DIRECTIONS.
Copy out, from the data, each line containing the string "rule".

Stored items
(* Let $k\ge1$ and $m\ge0$ be integers. The sum of the ending heights over all $k$-Dyck prefixes with exactly $m$ up-steps whose last step is an up-step (equivalently, the total number of down-steps needed to return to the $x$-axis, summed over these prefixes) equals $$\frac1{1+(m+1)(k+1)}\binom{1+(m+1)(k+1)}{m+1}-\frac1{1+m(k+1)}\binom{1+m(k+1)}{m}.$$
   Context: A $k$-Dyck prefix is a lattice path starting at $(0,0)$ with up-steps $(1,k)$ and down-steps $(1,-1)$ that never goes below the $x$-axis; the height of a point is its $y$-coordinate. *)

theory Defs
  imports Complex_Main
begin

text \<open>A lattice path is encoded as a list of steps: True = up-step (1,k),
  False = down-step (1,-1).\<close>

definition step_height :: "nat \<Rightarrow> bool \<Rightarrow> int" where
  "step_height k b = (if b then int k else -1)"

definition path_height :: "nat \<Rightarrow> bool list \<Rightarrow> int" where
  "path_height k p = sum_list (map (step_height k) p)"

definition is_dyck_prefix :: "nat \<Rightarrow> bool list \<Rightarrow> bool" where
  "is_dyck_prefix k p \<longleftrightarrow> (\<forall>i \<le> length p. path_height k (take i p) \<ge> 0)"

definition num_ups :: "bool list \<Rightarrow> nat" where
  "num_ups p = length (filter id p)"

definition up_ending_prefixes :: "nat \<Rightarrow> nat \<Rightarrow> bool list set" where
  "up_ending_prefixes k m =
     {p. is_dyck_prefix k p \<and> num_ups p = m \<and> p \<noteq> [] \<and> last p}"

end

theory Submission
  imports Defs
begin

(* Let F(j, m) be the sum of the final heights of the up-ending prefixes with m up-steps of
  paths that start at height j and never go below the x-axis. Splitting off the first step
  gives a recurrence for F in j and m. The Raney numbers
  R(j, u) = (j + 1) / ((k + 1) u + j + 1) * binom((k + 1) u + j + 1, u), which count the
  paths from height j with u up-steps that first reach height -1 at their end, satisfy the
  same first-step recurrence, and induction yields F(j, m) = R(j, m + 1) - R(j, m) for m >= 1.
  The theorem is the case j = 0. *)

definition raney :: "nat \<Rightarrow> nat \<Rightarrow> nat \<Rightarrow> real" where
  "raney k j u = real (j + 1) / real ((k + 1) * u + j + 1) * real (((k + 1) * u + j + 1) choose u)"

lemma raney_0 [simp]: "raney k j 0 = 1"
  by (simp add: raney_def)

lemma raney_Suc_0: "raney k j (Suc 0) = real (j + 1)"
  by (simp add: raney_def field_simps)

lemma real_binomial_Suc_Suc:
  "real (Suc n choose Suc u) = real (Suc n) / real (Suc u) * real (n choose u)"
  using Suc_times_binomial[of u n] by (simp add: field_simps flip: of_nat_mult)

lemma real_binomial_Suc_right:
  "real (n choose Suc u) = (real n - real u) / real (Suc u) * real (n choose u)"
proof (cases "u \<le> n")
  case True
  have "Suc u * (n choose Suc u) = (n - u) * (n choose u)"
    using binomial_absorption binomial_absorb_comp by metis
  then have "real (Suc u) * real (n choose Suc u) = real (n - u) * real (n choose u)"
    by (metis of_nat_mult)
  with True show ?thesis by (simp add: field_simps)
qed (simp add: binomial_eq_0)

lemma raney_Suc_Suc: "raney k (Suc j) (Suc u) = raney k (j + Suc k) u + raney k j (Suc u)"
proof -
  define N where "N = (k + 1) * (u + 1) + j + 1"
  define c where "c = real (N choose u)"
  have "N > 0" by (simp add: N_def)
  have "real N = (real k + 1) * (real u + 1) + real j + 1"
    by (simp add: N_def algebra_simps)
  then have numerators:
    "real (j + 2) * real N = real (j + k + 2) * real (Suc u) + real (j + 1) * (real N - real u)"
    by (simp add: algebra_simps)
  have weights: "real (j + 2) / real (Suc u)
      = real (j + k + 2) / real N + real (j + 1) / real N * ((real N - real u) / real (Suc u))"
    using \<open>N > 0\<close> numerators by (simp add: divide_simps mult.commute)
  have "raney k (Suc j) (Suc u) = real (j + 2) / real (Suc N) * real (Suc N choose Suc u)"
    by (simp add: raney_def N_def algebra_simps)
  also have "\<dots> = real (j + 2) / real (Suc u) * c"
    by (simp only: real_binomial_Suc_Suc c_def) (simp del: of_nat_Suc)
  also have "\<dots> = real (j + k + 2) / real N * c
      + real (j + 1) / real N * ((real N - real u) / real (Suc u) * c)"
    unfolding weights by (simp only: distrib_right mult.assoc)
  also have "\<dots> = raney k (j + Suc k) u + raney k j (Suc u)"
  proof -
    have "(k + 1) * u + (j + Suc k) + 1 = N" "(k + 1) * Suc u + j + 1 = N"
      by (simp_all add: N_def)
    then show ?thesis
      unfolding raney_def real_binomial_Suc_right c_def by (simp add: algebra_simps)
  qed
  finally show ?thesis .
qed

lemma raney_0_Suc: "raney k 0 (Suc u) = raney k k u"
proof -
  define N where "N = (k + 1) * (u + 1)"
  have "real N = real (k + 1) * real (Suc u)" by (simp add: N_def algebra_simps)
  have "raney k 0 (Suc u) = 1 / real (Suc N) * real (Suc N choose Suc u)"
    by (simp add: raney_def N_def algebra_simps)
  also have "\<dots> = real (k + 1) / real N * real (N choose u)"
    by (simp only: real_binomial_Suc_Suc \<open>real N = _\<close>) (simp add: N_def del: of_nat_Suc)
  also have "\<dots> = raney k k u"
    by (simp add: raney_def N_def algebra_simps)
  finally show ?thesis .
qed

lemma path_height_Nil [simp]: "path_height k [] = 0"
  by (simp add: path_height_def)

lemma path_height_Cons [simp]: "path_height k (b # p) = step_height k b + path_height k p"
  by (simp add: path_height_def)

lemma path_height_plus_length: "path_height k p + int (length p) = int (k + 1) * int (num_ups p)"
  by (induction p rule: list.induct) (auto simp: step_height_def num_ups_def algebra_simps)

definition final_height :: "nat \<Rightarrow> nat \<Rightarrow> bool list \<Rightarrow> int" where
  "final_height k j p = int j + path_height k p"

lemma final_height_Nil [simp]: "final_height k j [] = int j"
  by (simp add: final_height_def)

lemma final_height_Cons_up [simp]: "final_height k j (True # p) = final_height k (j + k) p"
  by (simp add: final_height_def step_height_def)

lemma final_height_Cons_down [simp]:
  "j > 0 \<Longrightarrow> final_height k j (False # p) = final_height k (j - 1) p"
  by (simp add: final_height_def step_height_def of_nat_diff)

definition is_dyck_prefix_from :: "nat \<Rightarrow> nat \<Rightarrow> bool list \<Rightarrow> bool" where
  "is_dyck_prefix_from k j p \<longleftrightarrow> (\<forall>i \<le> length p. 0 \<le> final_height k j (take i p))"

lemma is_dyck_prefix_from_Nil [simp]: "is_dyck_prefix_from k j []"
  by (simp add: is_dyck_prefix_from_def)

lemma all_le_Suc_iff: "(\<forall>i \<le> Suc n. P i) \<longleftrightarrow> P 0 \<and> (\<forall>i \<le> n. P (Suc i))"
  by (metis Suc_le_mono le0 not0_implies_Suc)

lemma is_dyck_prefix_from_Cons_up [simp]:
  "is_dyck_prefix_from k j (True # p) \<longleftrightarrow> is_dyck_prefix_from k (j + k) p"
  by (simp add: is_dyck_prefix_from_def all_le_Suc_iff)

lemma is_dyck_prefix_from_Cons_down [simp]:
  "is_dyck_prefix_from k j (False # p) \<longleftrightarrow> j > 0 \<and> is_dyck_prefix_from k (j - 1) p"
  by (cases j) (auto simp: is_dyck_prefix_from_def all_le_Suc_iff final_height_def step_height_def)

lemma is_dyck_prefix_from_length_le:
  assumes "is_dyck_prefix_from k j p"
  shows "length p \<le> j + (k + 1) * num_ups p"
proof -
  have "0 \<le> int j + path_height k p"
    using assms by (metis is_dyck_prefix_from_def final_height_def order_refl take_all)
  with path_height_plus_length[of k p] have "int (length p) \<le> int (j + (k + 1) * num_ups p)"
    by (simp add: algebra_simps)
  then show ?thesis by linarith
qed

definition up_ending_prefixes_from :: "nat \<Rightarrow> nat \<Rightarrow> nat \<Rightarrow> bool list set" where
  "up_ending_prefixes_from k j m =
     {p. is_dyck_prefix_from k j p \<and> num_ups p = m \<and> p \<noteq> [] \<and> last p}"

lemma up_ending_prefixes_eq_from_0: "up_ending_prefixes k m = up_ending_prefixes_from k 0 m"
  by (simp add: up_ending_prefixes_def up_ending_prefixes_from_def is_dyck_prefix_def
      is_dyck_prefix_from_def final_height_def)

lemma finite_up_ending_prefixes_from: "finite (up_ending_prefixes_from k j m)"
proof (rule finite_subset)
  show "up_ending_prefixes_from k j m \<subseteq> {p. set p \<subseteq> UNIV \<and> length p \<le> j + (k + 1) * m}"
    by (auto simp: up_ending_prefixes_from_def dest: is_dyck_prefix_from_length_le)
  show "finite {p. set p \<subseteq> (UNIV :: bool set) \<and> length p \<le> j + (k + 1) * m}"
    by (rule finite_lists_length_le) simp
qed

lemma up_ending_prefixes_from_0: "up_ending_prefixes_from k j 0 = {}"
  by (auto simp: up_ending_prefixes_from_def num_ups_def filter_empty_conv dest: last_in_set)

lemma up_ending_prefixes_from_Suc:
  "up_ending_prefixes_from k j (Suc m) =
     (if m = 0 then {[True]} else {})
     \<union> Cons True ` up_ending_prefixes_from k (j + k) m
     \<union> (if j = 0 then {} else Cons False ` up_ending_prefixes_from k (j - 1) (Suc m))"
proof (rule set_eqI)
  fix p
  show "p \<in> up_ending_prefixes_from k j (Suc m) \<longleftrightarrow> p \<in> (if m = 0 then {[True]} else {})
     \<union> Cons True ` up_ending_prefixes_from k (j + k) m
     \<union> (if j = 0 then {} else Cons False ` up_ending_prefixes_from k (j - 1) (Suc m))"
    by (cases p rule: list.exhaust[case_product bool.exhaust])
      (auto simp: up_ending_prefixes_from_def num_ups_def)
qed

definition final_height_sum :: "nat \<Rightarrow> nat \<Rightarrow> nat \<Rightarrow> int" where
  "final_height_sum k j m = (\<Sum>p\<in>up_ending_prefixes_from k j m. final_height k j p)"

lemma final_height_sum_0: "final_height_sum k j 0 = 0"
  by (simp add: final_height_sum_def up_ending_prefixes_from_0)

lemma final_height_sum_Suc:
  "final_height_sum k j (Suc m) =
     (if m = 0 then int (j + k) else 0) + final_height_sum k (j + k) m
     + (if j = 0 then 0 else final_height_sum k (j - 1) (Suc m))"
proof -
  let ?single = "if m = 0 then {[True]} else {} :: bool list set"
  let ?up = "Cons True ` up_ending_prefixes_from k (j + k) m"
  let ?down = "if j = 0 then {} else Cons False ` up_ending_prefixes_from k (j - 1) (Suc m)"
  have fin: "finite ?single" "finite ?up" "finite ?down"
    by (simp_all add: finite_up_ending_prefixes_from)
  have disj: "?single \<inter> ?up = {}" "(?single \<union> ?up) \<inter> ?down = {}"
    by (auto simp: up_ending_prefixes_from_def)
  have "final_height_sum k j (Suc m) = sum (final_height k j) (?single \<union> ?up \<union> ?down)"
    by (simp only: final_height_sum_def up_ending_prefixes_from_Suc[of k j m])
  also have "\<dots> = sum (final_height k j) ?single + sum (final_height k j) ?up
      + sum (final_height k j) ?down"
    using fin disj by (simp only: sum.union_disjoint finite_UnI)
  also have "sum (final_height k j) ?single = (if m = 0 then int (j + k) else 0)"
    by simp
  also have "sum (final_height k j) ?up = final_height_sum k (j + k) m"
    by (simp add: final_height_sum_def sum.reindex)
  also have "sum (final_height k j) ?down = (if j = 0 then 0 else final_height_sum k (j - 1) (Suc m))"
    by (simp add: final_height_sum_def sum.reindex)
  finally show ?thesis .
qed

lemma final_height_sum_eq_raney:
  "real_of_int (final_height_sum k j m) = raney k j (Suc m) - raney k j m - (if m = 0 then real j else 0)"
proof (induction m arbitrary: j)
  case 0
  show ?case by (simp add: final_height_sum_0 raney_Suc_0)
next
  case (Suc m)
  note IH = Suc.IH
  show ?case
  proof (induction j)
    case 0
    show ?case
      using IH[of k] by (simp add: final_height_sum_Suc raney_0_Suc)
  next
    case (Suc i)
    then show ?case
      using IH[of "Suc i + k"] raney_Suc_Suc[of k i "Suc m"] raney_Suc_Suc[of k i m]
      by (simp add: final_height_sum_Suc)
  qed
qed

theorem mainTheorem4:
  fixes k m :: nat
  assumes "k \<ge> 1"
  shows "real_of_int (\<Sum>p\<in>up_ending_prefixes k m. path_height k p) =
    1 / real (1 + (m+1)*(k+1)) * real ((1 + (m+1)*(k+1)) choose (m+1))
    - 1 / real (1 + m*(k+1)) * real ((1 + m*(k+1)) choose m)"
proof -
  have "(\<Sum>p\<in>up_ending_prefixes k m. path_height k p) = final_height_sum k 0 m"
    by (simp add: up_ending_prefixes_eq_from_0 final_height_sum_def final_height_def)
  then have "real_of_int (\<Sum>p\<in>up_ending_prefixes k m. path_height k p)
      = raney k 0 (Suc m) - raney k 0 m"
    using final_height_sum_eq_raney[of k 0 m] by simp
  moreover have "raney k 0 u = 1 / real (1 + u * (k + 1)) * real ((1 + u * (k + 1)) choose u)" for u
    by (simp add: raney_def algebra_simps)
  ultimately show ?thesis
    by (simp only: Suc_eq_plus1)
qed

end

TASK SOLUTION.
  by (induction p rule: list.induct) (auto simp: step_height_def num_ups_def algebra_simps)
proof (rule finite_subset)
    by (rule finite_lists_length_le) simp
proof (rule set_eqI)
    by (cases p rule: list.exhaust[case_product bool.exhaust])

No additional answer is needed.